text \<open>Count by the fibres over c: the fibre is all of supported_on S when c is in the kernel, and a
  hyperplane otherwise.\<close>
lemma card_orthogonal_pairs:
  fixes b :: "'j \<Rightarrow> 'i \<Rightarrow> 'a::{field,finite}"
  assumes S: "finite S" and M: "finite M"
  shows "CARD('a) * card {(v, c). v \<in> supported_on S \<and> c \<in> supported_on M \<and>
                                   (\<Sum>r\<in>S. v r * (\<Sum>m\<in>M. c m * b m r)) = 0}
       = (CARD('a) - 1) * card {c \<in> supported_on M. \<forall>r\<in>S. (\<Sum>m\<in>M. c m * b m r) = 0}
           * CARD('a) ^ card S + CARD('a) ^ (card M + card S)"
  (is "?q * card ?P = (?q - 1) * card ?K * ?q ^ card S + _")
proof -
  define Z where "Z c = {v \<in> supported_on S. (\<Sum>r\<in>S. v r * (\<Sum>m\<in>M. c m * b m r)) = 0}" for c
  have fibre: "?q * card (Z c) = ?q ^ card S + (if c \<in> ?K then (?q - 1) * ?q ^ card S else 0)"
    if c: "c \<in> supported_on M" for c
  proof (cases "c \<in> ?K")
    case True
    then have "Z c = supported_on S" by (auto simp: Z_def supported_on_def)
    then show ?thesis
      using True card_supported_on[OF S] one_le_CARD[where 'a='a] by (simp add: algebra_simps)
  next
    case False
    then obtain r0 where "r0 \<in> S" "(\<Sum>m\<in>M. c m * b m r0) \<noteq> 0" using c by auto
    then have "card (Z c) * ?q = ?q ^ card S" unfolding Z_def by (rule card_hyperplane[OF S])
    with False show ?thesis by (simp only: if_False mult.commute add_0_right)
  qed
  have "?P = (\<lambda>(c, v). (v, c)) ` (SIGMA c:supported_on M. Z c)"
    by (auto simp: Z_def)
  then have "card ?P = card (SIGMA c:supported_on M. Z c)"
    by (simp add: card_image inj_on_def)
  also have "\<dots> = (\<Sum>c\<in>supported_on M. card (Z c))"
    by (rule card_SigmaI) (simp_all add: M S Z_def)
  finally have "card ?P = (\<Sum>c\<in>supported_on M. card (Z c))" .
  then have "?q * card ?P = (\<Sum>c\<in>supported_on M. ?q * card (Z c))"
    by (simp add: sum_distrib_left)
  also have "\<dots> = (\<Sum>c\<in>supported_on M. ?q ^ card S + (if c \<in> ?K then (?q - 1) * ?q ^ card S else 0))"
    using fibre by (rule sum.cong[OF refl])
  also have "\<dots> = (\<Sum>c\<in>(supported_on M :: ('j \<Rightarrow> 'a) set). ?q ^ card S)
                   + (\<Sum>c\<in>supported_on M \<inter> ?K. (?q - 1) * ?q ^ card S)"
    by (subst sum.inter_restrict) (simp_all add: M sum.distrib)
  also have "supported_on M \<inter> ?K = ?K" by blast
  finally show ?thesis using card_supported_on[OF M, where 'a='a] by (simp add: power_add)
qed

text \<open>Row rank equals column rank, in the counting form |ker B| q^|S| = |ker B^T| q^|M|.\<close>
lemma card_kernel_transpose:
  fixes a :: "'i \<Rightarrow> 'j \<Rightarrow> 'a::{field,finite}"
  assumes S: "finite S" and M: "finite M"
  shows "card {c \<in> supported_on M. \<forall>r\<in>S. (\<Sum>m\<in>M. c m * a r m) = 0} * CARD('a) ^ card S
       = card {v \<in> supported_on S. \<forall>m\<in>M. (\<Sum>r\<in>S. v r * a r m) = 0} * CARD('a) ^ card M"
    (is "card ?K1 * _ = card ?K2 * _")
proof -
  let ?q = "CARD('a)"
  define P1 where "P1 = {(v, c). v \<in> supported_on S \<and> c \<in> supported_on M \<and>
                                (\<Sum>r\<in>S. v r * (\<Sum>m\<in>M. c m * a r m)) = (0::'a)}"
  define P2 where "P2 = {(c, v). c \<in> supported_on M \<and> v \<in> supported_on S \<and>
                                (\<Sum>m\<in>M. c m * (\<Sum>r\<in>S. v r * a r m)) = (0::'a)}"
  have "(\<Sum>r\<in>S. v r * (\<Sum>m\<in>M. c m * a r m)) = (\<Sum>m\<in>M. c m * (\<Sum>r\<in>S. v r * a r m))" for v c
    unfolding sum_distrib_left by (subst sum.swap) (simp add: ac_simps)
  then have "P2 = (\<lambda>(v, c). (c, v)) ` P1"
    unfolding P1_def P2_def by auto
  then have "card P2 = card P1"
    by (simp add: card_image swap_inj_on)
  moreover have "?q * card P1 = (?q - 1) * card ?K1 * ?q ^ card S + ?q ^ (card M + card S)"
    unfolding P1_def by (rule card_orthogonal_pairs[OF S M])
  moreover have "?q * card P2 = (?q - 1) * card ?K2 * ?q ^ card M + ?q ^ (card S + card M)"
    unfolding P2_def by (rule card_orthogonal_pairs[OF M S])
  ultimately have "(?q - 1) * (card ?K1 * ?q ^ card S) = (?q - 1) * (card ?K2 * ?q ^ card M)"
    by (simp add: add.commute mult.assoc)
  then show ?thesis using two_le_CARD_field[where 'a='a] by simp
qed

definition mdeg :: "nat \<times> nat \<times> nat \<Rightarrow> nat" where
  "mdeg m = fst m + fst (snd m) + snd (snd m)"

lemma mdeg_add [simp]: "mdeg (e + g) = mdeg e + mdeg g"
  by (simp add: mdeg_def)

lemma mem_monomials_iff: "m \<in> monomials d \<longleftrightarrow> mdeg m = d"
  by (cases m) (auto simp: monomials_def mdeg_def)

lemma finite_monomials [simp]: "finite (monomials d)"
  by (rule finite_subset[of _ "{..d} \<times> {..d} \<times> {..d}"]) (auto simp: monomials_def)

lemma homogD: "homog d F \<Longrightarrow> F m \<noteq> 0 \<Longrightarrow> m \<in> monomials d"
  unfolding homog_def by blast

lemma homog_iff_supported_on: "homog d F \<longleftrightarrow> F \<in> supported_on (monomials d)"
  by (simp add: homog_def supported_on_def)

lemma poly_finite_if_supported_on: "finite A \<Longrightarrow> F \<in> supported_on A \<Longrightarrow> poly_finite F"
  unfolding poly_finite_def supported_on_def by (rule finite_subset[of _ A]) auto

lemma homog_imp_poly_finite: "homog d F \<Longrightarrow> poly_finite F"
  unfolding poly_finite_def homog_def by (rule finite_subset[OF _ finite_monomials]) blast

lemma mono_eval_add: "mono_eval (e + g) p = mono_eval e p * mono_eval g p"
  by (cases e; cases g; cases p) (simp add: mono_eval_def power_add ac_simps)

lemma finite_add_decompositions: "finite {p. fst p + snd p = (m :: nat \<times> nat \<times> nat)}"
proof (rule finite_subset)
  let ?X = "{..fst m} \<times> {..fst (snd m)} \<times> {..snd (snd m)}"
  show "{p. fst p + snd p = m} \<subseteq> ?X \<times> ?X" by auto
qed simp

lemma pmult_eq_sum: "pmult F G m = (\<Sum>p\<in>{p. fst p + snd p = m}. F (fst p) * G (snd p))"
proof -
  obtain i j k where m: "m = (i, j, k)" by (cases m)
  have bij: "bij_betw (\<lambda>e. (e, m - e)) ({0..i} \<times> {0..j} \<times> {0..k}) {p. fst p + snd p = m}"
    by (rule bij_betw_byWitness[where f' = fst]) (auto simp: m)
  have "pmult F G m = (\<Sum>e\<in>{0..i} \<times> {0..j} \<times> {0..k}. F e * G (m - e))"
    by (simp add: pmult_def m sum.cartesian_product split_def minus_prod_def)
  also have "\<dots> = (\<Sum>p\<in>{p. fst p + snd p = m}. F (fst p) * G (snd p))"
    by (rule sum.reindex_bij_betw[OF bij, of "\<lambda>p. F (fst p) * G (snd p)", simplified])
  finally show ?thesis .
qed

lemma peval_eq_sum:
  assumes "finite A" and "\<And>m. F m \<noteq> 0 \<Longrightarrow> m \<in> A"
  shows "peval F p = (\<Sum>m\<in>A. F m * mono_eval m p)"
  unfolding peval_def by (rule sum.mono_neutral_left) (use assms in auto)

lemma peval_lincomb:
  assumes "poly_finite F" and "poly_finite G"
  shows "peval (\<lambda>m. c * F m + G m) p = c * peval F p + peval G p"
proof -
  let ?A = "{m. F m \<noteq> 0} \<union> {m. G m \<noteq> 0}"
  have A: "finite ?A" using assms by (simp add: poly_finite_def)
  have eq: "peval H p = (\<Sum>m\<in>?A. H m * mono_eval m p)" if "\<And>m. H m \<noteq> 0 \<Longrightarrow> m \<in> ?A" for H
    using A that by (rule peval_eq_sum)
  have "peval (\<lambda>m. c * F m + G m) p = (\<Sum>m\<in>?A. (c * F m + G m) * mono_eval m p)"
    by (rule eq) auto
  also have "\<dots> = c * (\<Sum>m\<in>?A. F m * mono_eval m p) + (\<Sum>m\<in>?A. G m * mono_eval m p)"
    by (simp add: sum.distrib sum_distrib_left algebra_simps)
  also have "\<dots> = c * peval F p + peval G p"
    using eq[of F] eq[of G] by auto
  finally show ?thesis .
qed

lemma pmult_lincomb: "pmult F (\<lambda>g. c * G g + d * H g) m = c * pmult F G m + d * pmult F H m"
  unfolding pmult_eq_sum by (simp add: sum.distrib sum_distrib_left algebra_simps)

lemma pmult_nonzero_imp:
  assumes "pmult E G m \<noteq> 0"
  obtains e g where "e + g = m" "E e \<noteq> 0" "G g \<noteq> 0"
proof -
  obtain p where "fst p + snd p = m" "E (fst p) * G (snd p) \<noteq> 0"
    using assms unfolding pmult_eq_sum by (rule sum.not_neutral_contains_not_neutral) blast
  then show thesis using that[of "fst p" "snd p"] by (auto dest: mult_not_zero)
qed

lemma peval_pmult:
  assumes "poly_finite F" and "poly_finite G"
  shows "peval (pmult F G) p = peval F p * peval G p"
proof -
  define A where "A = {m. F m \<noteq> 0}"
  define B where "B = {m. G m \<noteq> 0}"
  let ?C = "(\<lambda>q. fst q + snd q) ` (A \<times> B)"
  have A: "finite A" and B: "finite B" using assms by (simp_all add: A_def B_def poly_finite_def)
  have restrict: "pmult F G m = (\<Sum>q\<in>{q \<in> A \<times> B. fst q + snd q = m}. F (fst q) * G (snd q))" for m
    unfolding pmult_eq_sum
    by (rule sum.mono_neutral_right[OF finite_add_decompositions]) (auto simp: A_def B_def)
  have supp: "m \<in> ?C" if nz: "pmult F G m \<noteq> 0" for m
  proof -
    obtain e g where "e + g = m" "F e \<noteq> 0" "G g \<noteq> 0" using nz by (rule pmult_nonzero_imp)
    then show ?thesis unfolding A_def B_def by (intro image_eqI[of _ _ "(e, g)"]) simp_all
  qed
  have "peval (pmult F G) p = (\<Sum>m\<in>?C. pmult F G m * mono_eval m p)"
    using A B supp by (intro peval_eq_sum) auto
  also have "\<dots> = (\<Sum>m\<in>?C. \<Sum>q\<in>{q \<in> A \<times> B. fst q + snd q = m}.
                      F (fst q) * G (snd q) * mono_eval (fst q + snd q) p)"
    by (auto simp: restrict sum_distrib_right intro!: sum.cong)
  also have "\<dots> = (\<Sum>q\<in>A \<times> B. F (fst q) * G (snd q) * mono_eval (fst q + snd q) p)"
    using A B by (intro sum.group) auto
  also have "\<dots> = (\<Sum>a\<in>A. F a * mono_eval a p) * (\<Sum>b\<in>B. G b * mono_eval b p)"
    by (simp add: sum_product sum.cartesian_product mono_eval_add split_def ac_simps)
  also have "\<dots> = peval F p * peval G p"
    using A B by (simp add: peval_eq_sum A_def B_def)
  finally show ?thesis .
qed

----

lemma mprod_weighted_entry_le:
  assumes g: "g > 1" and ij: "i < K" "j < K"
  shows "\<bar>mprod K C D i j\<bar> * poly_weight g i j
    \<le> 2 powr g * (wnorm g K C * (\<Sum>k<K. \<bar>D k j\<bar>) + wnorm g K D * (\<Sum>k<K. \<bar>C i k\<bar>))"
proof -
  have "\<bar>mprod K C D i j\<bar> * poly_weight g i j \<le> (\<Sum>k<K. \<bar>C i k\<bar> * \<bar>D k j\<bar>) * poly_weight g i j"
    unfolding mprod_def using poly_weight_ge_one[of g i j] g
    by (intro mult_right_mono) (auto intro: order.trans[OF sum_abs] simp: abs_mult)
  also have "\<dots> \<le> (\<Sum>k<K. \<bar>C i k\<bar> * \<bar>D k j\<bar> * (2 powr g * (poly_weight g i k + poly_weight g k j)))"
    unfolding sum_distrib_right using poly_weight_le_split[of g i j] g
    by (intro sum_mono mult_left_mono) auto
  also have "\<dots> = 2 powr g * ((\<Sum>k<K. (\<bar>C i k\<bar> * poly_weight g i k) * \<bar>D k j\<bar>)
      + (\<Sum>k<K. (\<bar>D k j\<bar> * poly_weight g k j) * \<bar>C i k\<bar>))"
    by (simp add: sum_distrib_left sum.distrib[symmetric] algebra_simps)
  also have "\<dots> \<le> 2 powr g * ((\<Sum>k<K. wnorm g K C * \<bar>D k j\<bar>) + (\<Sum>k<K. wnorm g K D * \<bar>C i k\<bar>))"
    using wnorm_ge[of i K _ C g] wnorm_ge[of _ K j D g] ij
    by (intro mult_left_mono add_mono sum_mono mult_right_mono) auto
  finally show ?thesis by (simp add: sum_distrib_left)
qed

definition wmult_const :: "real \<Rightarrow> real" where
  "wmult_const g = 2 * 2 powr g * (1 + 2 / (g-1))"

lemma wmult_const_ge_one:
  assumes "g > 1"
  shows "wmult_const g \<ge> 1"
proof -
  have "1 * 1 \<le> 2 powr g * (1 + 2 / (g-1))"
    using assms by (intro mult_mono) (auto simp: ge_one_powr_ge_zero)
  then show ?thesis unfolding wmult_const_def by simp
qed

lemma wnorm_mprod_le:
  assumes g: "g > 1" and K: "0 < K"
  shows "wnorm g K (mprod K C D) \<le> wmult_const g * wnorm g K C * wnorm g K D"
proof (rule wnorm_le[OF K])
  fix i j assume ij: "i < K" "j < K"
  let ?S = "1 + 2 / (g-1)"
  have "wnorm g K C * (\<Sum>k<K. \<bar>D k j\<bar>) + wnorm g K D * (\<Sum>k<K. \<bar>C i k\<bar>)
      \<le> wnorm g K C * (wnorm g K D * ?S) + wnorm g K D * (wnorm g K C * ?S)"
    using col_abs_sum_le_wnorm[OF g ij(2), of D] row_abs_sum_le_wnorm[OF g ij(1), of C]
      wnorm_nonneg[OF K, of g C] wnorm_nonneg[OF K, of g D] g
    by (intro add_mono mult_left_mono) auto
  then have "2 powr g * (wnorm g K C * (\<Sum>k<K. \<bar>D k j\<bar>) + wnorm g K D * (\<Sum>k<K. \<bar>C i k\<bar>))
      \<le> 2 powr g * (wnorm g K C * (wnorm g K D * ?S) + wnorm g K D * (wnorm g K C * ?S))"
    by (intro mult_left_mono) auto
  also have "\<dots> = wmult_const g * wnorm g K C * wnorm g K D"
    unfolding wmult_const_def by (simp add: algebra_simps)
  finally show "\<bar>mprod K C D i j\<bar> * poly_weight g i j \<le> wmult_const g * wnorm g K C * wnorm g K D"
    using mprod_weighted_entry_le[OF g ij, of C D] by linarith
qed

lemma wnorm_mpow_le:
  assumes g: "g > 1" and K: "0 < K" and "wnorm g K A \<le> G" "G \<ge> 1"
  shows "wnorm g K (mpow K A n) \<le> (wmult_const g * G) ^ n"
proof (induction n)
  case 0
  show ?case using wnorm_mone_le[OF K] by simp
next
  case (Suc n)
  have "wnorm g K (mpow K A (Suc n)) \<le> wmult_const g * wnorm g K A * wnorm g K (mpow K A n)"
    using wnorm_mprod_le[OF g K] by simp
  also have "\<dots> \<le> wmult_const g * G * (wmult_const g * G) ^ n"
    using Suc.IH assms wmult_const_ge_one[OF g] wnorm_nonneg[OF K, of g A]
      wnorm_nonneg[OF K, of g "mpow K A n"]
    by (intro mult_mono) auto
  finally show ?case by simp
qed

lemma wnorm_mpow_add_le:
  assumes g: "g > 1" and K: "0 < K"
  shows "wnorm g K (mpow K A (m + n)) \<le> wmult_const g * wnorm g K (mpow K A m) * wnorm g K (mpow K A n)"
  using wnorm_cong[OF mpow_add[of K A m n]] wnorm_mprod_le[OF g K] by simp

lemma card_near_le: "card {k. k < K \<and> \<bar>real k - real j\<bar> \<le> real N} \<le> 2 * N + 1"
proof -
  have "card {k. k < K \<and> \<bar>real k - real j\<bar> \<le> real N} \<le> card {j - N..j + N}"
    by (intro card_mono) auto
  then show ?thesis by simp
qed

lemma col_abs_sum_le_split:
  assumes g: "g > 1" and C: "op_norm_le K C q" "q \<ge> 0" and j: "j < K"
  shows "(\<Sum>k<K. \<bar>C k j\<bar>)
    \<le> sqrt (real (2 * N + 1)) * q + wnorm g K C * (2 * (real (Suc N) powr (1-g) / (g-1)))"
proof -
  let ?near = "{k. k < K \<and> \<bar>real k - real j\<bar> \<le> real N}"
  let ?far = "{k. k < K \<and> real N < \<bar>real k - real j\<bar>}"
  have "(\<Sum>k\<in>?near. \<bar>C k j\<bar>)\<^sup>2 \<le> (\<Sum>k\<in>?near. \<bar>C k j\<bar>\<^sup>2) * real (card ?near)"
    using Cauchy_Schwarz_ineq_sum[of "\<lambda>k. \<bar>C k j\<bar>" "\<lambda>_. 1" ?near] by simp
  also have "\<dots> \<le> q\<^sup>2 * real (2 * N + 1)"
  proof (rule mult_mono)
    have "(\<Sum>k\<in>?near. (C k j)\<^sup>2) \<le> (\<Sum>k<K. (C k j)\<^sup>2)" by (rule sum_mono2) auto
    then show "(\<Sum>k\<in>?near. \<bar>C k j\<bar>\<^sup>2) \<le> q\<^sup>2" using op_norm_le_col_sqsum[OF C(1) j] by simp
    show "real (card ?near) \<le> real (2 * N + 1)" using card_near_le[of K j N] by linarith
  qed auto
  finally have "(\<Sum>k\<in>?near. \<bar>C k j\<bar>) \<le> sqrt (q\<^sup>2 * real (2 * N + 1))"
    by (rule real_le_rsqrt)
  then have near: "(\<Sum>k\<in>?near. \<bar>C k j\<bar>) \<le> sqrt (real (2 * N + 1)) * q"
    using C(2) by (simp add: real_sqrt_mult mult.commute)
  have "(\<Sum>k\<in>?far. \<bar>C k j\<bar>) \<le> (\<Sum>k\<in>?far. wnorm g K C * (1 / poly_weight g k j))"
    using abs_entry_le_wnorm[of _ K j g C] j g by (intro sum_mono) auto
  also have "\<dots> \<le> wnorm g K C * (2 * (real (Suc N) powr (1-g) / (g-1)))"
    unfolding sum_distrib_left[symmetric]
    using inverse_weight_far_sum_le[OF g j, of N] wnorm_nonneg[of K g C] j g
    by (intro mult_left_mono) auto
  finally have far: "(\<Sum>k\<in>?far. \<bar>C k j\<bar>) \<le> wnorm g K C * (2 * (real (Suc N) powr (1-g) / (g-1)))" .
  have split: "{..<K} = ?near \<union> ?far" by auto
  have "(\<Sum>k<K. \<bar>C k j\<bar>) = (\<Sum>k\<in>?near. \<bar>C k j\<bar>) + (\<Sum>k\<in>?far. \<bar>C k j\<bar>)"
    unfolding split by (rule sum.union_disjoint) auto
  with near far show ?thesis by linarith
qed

----

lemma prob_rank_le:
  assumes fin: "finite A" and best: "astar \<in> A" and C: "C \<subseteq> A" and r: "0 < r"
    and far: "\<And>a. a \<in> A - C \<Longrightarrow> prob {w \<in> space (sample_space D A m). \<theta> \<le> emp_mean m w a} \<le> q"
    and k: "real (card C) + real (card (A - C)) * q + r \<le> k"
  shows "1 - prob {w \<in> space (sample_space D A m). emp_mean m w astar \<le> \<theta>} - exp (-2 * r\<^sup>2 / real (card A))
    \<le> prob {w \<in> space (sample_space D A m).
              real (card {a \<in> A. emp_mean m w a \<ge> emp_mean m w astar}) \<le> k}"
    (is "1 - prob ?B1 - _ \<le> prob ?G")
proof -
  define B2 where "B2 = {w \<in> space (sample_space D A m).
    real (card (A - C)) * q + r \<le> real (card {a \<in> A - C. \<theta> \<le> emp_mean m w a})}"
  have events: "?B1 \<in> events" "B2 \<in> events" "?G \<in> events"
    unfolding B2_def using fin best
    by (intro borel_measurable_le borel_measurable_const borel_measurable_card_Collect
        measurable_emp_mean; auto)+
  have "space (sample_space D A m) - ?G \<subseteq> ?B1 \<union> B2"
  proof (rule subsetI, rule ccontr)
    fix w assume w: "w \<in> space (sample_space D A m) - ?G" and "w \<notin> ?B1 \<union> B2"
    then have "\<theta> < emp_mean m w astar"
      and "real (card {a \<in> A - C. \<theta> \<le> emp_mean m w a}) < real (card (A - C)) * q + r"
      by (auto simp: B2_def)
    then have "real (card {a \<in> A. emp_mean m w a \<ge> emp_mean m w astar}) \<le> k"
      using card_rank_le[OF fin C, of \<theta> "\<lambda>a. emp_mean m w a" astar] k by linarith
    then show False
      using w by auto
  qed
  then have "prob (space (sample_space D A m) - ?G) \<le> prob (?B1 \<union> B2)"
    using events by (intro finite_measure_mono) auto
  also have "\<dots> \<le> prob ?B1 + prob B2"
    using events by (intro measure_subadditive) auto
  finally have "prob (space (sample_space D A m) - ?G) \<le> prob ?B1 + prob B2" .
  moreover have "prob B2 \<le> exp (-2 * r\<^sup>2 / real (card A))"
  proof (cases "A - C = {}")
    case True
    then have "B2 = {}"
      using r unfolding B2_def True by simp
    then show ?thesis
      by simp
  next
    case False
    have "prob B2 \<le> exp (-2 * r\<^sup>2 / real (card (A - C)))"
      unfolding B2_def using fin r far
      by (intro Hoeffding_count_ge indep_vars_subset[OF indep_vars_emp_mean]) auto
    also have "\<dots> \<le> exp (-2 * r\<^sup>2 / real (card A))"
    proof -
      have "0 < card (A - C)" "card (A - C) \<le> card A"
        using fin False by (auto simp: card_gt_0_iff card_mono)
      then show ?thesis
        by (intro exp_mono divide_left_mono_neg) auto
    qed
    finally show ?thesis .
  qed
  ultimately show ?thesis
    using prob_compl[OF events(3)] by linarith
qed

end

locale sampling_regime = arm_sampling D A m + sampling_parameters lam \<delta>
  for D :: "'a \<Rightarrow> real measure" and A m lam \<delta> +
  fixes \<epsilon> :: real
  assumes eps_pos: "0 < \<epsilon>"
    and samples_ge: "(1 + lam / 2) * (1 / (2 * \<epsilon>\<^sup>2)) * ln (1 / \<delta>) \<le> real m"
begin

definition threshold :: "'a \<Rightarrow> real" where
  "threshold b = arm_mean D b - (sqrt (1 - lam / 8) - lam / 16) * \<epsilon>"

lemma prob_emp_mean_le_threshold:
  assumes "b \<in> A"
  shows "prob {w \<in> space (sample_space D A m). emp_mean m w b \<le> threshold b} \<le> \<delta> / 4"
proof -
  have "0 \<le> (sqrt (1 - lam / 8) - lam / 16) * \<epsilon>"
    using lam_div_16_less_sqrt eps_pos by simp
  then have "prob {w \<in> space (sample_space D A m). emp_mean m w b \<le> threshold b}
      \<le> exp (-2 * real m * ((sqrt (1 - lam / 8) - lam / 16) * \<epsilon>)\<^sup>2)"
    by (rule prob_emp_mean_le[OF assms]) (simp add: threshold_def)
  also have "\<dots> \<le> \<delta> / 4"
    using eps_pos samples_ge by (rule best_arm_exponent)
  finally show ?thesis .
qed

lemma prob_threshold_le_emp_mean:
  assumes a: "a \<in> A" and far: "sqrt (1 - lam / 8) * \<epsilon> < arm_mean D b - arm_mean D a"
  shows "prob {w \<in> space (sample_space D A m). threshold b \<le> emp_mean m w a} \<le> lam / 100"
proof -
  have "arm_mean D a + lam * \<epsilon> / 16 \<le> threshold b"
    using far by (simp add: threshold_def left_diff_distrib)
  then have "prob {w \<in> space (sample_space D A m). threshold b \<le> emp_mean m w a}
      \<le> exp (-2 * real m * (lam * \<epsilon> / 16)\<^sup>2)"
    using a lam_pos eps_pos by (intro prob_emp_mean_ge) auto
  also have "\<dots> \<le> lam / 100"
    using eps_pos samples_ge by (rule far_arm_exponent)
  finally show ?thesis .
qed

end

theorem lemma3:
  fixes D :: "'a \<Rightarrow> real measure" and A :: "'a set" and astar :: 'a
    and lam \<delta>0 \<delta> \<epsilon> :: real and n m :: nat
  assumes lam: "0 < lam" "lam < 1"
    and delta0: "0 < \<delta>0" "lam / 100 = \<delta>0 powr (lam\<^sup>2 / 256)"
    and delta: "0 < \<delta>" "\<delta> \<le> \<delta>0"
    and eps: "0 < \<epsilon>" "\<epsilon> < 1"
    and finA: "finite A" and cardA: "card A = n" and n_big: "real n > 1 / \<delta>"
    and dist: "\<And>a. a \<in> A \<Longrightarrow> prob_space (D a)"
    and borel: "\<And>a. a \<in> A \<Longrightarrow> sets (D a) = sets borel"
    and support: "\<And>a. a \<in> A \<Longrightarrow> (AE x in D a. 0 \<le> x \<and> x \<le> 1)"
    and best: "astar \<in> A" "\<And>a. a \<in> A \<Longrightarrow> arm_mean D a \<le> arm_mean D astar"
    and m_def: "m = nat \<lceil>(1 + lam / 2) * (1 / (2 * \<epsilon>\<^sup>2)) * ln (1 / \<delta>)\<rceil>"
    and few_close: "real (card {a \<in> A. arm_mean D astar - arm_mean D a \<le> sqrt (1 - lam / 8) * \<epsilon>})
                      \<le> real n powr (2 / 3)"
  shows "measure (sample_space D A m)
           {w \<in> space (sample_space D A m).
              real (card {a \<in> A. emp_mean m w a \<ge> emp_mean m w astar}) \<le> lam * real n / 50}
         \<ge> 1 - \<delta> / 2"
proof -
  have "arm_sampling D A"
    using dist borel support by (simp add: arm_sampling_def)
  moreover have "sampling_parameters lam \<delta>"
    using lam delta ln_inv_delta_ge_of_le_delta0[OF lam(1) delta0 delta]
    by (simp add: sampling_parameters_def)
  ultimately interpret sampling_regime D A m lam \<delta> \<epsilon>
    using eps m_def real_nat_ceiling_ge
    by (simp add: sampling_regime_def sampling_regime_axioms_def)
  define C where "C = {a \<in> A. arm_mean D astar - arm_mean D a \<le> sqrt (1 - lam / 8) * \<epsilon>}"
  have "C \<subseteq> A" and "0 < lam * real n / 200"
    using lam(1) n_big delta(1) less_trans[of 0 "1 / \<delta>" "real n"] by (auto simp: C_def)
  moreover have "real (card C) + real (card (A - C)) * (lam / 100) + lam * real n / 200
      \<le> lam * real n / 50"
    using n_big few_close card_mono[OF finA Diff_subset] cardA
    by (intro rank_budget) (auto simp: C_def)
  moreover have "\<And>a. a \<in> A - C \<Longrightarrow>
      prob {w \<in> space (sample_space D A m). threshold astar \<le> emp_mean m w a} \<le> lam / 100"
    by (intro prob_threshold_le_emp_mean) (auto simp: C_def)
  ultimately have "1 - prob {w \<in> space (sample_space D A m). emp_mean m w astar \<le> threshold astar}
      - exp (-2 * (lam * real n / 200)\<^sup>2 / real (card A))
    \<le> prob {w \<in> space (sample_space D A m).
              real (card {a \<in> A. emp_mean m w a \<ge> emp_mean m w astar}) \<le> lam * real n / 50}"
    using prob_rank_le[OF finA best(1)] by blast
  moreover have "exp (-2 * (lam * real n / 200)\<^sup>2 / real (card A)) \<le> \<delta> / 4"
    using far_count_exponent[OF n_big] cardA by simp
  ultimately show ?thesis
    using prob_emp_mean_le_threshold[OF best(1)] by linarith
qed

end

----

#### TASK INSTRUCTIONS
Scan the entries above for the string "with" and copy each line that contains it.

#### RESPONSE TO THE EXERCISE
    with False show ?thesis by (simp only: if_False mult.commute add_0_right)
  with near far show ?thesis by linarith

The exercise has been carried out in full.